• _Assignment_: Search the records below for the string "simp" and report only the number of lines that contain it.

[Collection entries]
┌────────
(* Let $k\ge 1$ be an integer and let $G$ be a $k$-regular graph. Then $G$ has a $k$-conversion set of size $k$ (that is, $c_k(G)=k$) if and only if $G=H\vee\overline{K_{k-t}}$, where $H$ is a $t$-regular graph of order $k$ and $0\le t<k$.
   Context: For a graph $G=(V,E)$, a positive integer $k$ and a set $S_0\subseteq V$, the irreversible $k$-threshold conversion process is defined by: for $t=1,2,\dots$, $S_t$ is obtained from $S_{t-1}$ by adjoining all vertices having at least $k$ neighbours in $S_{t-1}$. The set $S_0$ is a $k$-conversion set of $G$ if $S_t=V(G)$ for some $t\ge 0$. The $k$-conversion number $c_k(G)$ is the minimum size of a $k$-conversion set of $G$. For graphs $G,H$, $G\vee H$ denotes the join (disjoint union plus all edges between $G$ and $H$), and $\overline{K_m}$ is the edgeless graph on $m$ vertices. *)

theory Defs
  imports Main
begin

definition graph :: "'a set \<Rightarrow> ('a \<Rightarrow> 'a \<Rightarrow> bool) \<Rightarrow> bool" where
  "graph V E \<longleftrightarrow> finite V \<and> (\<forall>u v. E u v \<longrightarrow> u \<in> V \<and> v \<in> V)
     \<and> (\<forall>u v. E u v \<longrightarrow> E v u) \<and> (\<forall>v. \<not> E v v)"

definition degree :: "'a set \<Rightarrow> ('a \<Rightarrow> 'a \<Rightarrow> bool) \<Rightarrow> 'a \<Rightarrow> nat" where
  "degree V E v = card {u \<in> V. E v u}"

definition regular :: "'a set \<Rightarrow> ('a \<Rightarrow> 'a \<Rightarrow> bool) \<Rightarrow> nat \<Rightarrow> bool" where
  "regular V E r \<longleftrightarrow> (\<forall>v \<in> V. degree V E v = r)"

definition conv_step :: "'a set \<Rightarrow> ('a \<Rightarrow> 'a \<Rightarrow> bool) \<Rightarrow> nat \<Rightarrow> 'a set \<Rightarrow> 'a set" where
  "conv_step V E k S = S \<union> {v \<in> V. k \<le> card {u \<in> S. E v u}}"

definition conversion_set :: "'a set \<Rightarrow> ('a \<Rightarrow> 'a \<Rightarrow> bool) \<Rightarrow> nat \<Rightarrow> 'a set \<Rightarrow> bool" where
  "conversion_set V E k S0 \<longleftrightarrow> S0 \<subseteq> V \<and> (\<exists>t. (conv_step V E k ^^ t) S0 = V)"

definition conversion_number :: "'a set \<Rightarrow> ('a \<Rightarrow> 'a \<Rightarrow> bool) \<Rightarrow> nat \<Rightarrow> nat" where
  "conversion_number V E k = (LEAST n. \<exists>S. conversion_set V E k S \<and> card S = n)"

definition join_V :: "'a set \<Rightarrow> 'b set \<Rightarrow> ('a + 'b) set" where
  "join_V V1 V2 = Inl ` V1 \<union> Inr ` V2"

fun join_E :: "'a set \<Rightarrow> ('a \<Rightarrow> 'a \<Rightarrow> bool) \<Rightarrow> 'b set \<Rightarrow> ('b \<Rightarrow> 'b \<Rightarrow> bool)
    \<Rightarrow> ('a + 'b) \<Rightarrow> ('a + 'b) \<Rightarrow> bool" where
  "join_E V1 E1 V2 E2 (Inl a) (Inl b) = E1 a b"
| "join_E V1 E1 V2 E2 (Inr a) (Inr b) = E2 a b"
| "join_E V1 E1 V2 E2 (Inl a) (Inr b) = (a \<in> V1 \<and> b \<in> V2)"
| "join_E V1 E1 V2 E2 (Inr a) (Inl b) = (a \<in> V2 \<and> b \<in> V1)"

definition empty_V :: "nat \<Rightarrow> nat set" where "empty_V m = {0..<m}"
definition empty_E :: "nat \<Rightarrow> nat \<Rightarrow> bool" where "empty_E u v = False"

definition graph_iso :: "'a set \<Rightarrow> ('a \<Rightarrow> 'a \<Rightarrow> bool) \<Rightarrow> 'b set \<Rightarrow> ('b \<Rightarrow> 'b \<Rightarrow> bool) \<Rightarrow> bool" where
  "graph_iso V1 E1 V2 E2 \<longleftrightarrow> (\<exists>f. bij_betw f V1 V2 \<and>
     (\<forall>u \<in> V1. \<forall>v \<in> V1. E1 u v \<longleftrightarrow> E2 (f u) (f v)))"

end

theory Submission
  imports Defs
begin

text \<open>Let \<open>S\<close> be a \<open>k\<close>-conversion set of size \<open>k\<close> in a \<open>k\<close>-regular graph and let \<open>X\<close> be the
  set of vertices whose neighbourhood is exactly \<open>S\<close>. No vertex outside \<open>S \<union> X\<close> can acquire
  \<open>k\<close> neighbours in \<open>S \<union> X\<close>: its whole neighbourhood would have to lie there, it has no
  neighbour in \<open>X\<close>, so its neighbourhood would be \<open>S\<close>. Hence \<open>S \<union> X\<close> is closed under the
  process and must be all of \<open>V\<close>, which says precisely that \<open>G\<close> is the join of \<open>G[S]\<close> with an
  edgeless graph; \<open>G[S]\<close> is \<open>(k - |X|)\<close>-regular. Conversely, in such a join the copy of \<open>H\<close>
  converts everything in one step, and no set of fewer than \<open>k\<close> vertices can grow at all.\<close>

lemma finite_adjacent: "graph V E \<Longrightarrow> finite {u \<in> A. E v u}"
  unfolding graph_def by (auto intro: finite_subset[of _ V])

lemma mono_conv_step:
  assumes "graph V E"
  shows "mono (conv_step V E k)"
proof (rule monoI)
  fix A B :: "'a set" assume "A \<subseteq> B"
  then have "card {u \<in> A. E v u} \<le> card {u \<in> B. E v u}" for v
    using assms by (intro card_mono) (auto intro: finite_adjacent)
  then show "conv_step V E k A \<subseteq> conv_step V E k B"
    using \<open>A \<subseteq> B\<close> unfolding conv_step_def by (auto intro: le_trans)
qed

lemma funpow_le_closed:
  assumes "mono f" "A \<le> B" "f B \<le> B"
  shows "(f ^^ n) A \<le> B"
proof (induction n)
  case (Suc n)
  then have "f ((f ^^ n) A) \<le> f B" using assms(1) by (simp add: monoD)
  then show ?case using assms(3) by simp
qed (use assms(2) in simp)

lemma conv_step_fixed_if_card_less:
  assumes "graph V E" "S \<subseteq> V" "card S < k"
  shows "conv_step V E k S = S"
proof -
  have "finite S" using assms(1,2) unfolding graph_def by (meson rev_finite_subset)
  then have "card {u \<in> S. E v u} \<le> card S" for v
    by (intro card_mono) auto
  then have "card {u \<in> S. E v u} < k" for v
    using assms(3) le_less_trans by blast
  then show ?thesis unfolding conv_step_def by (auto simp: not_le[symmetric])
qed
└────────
• _Expected answer_: 4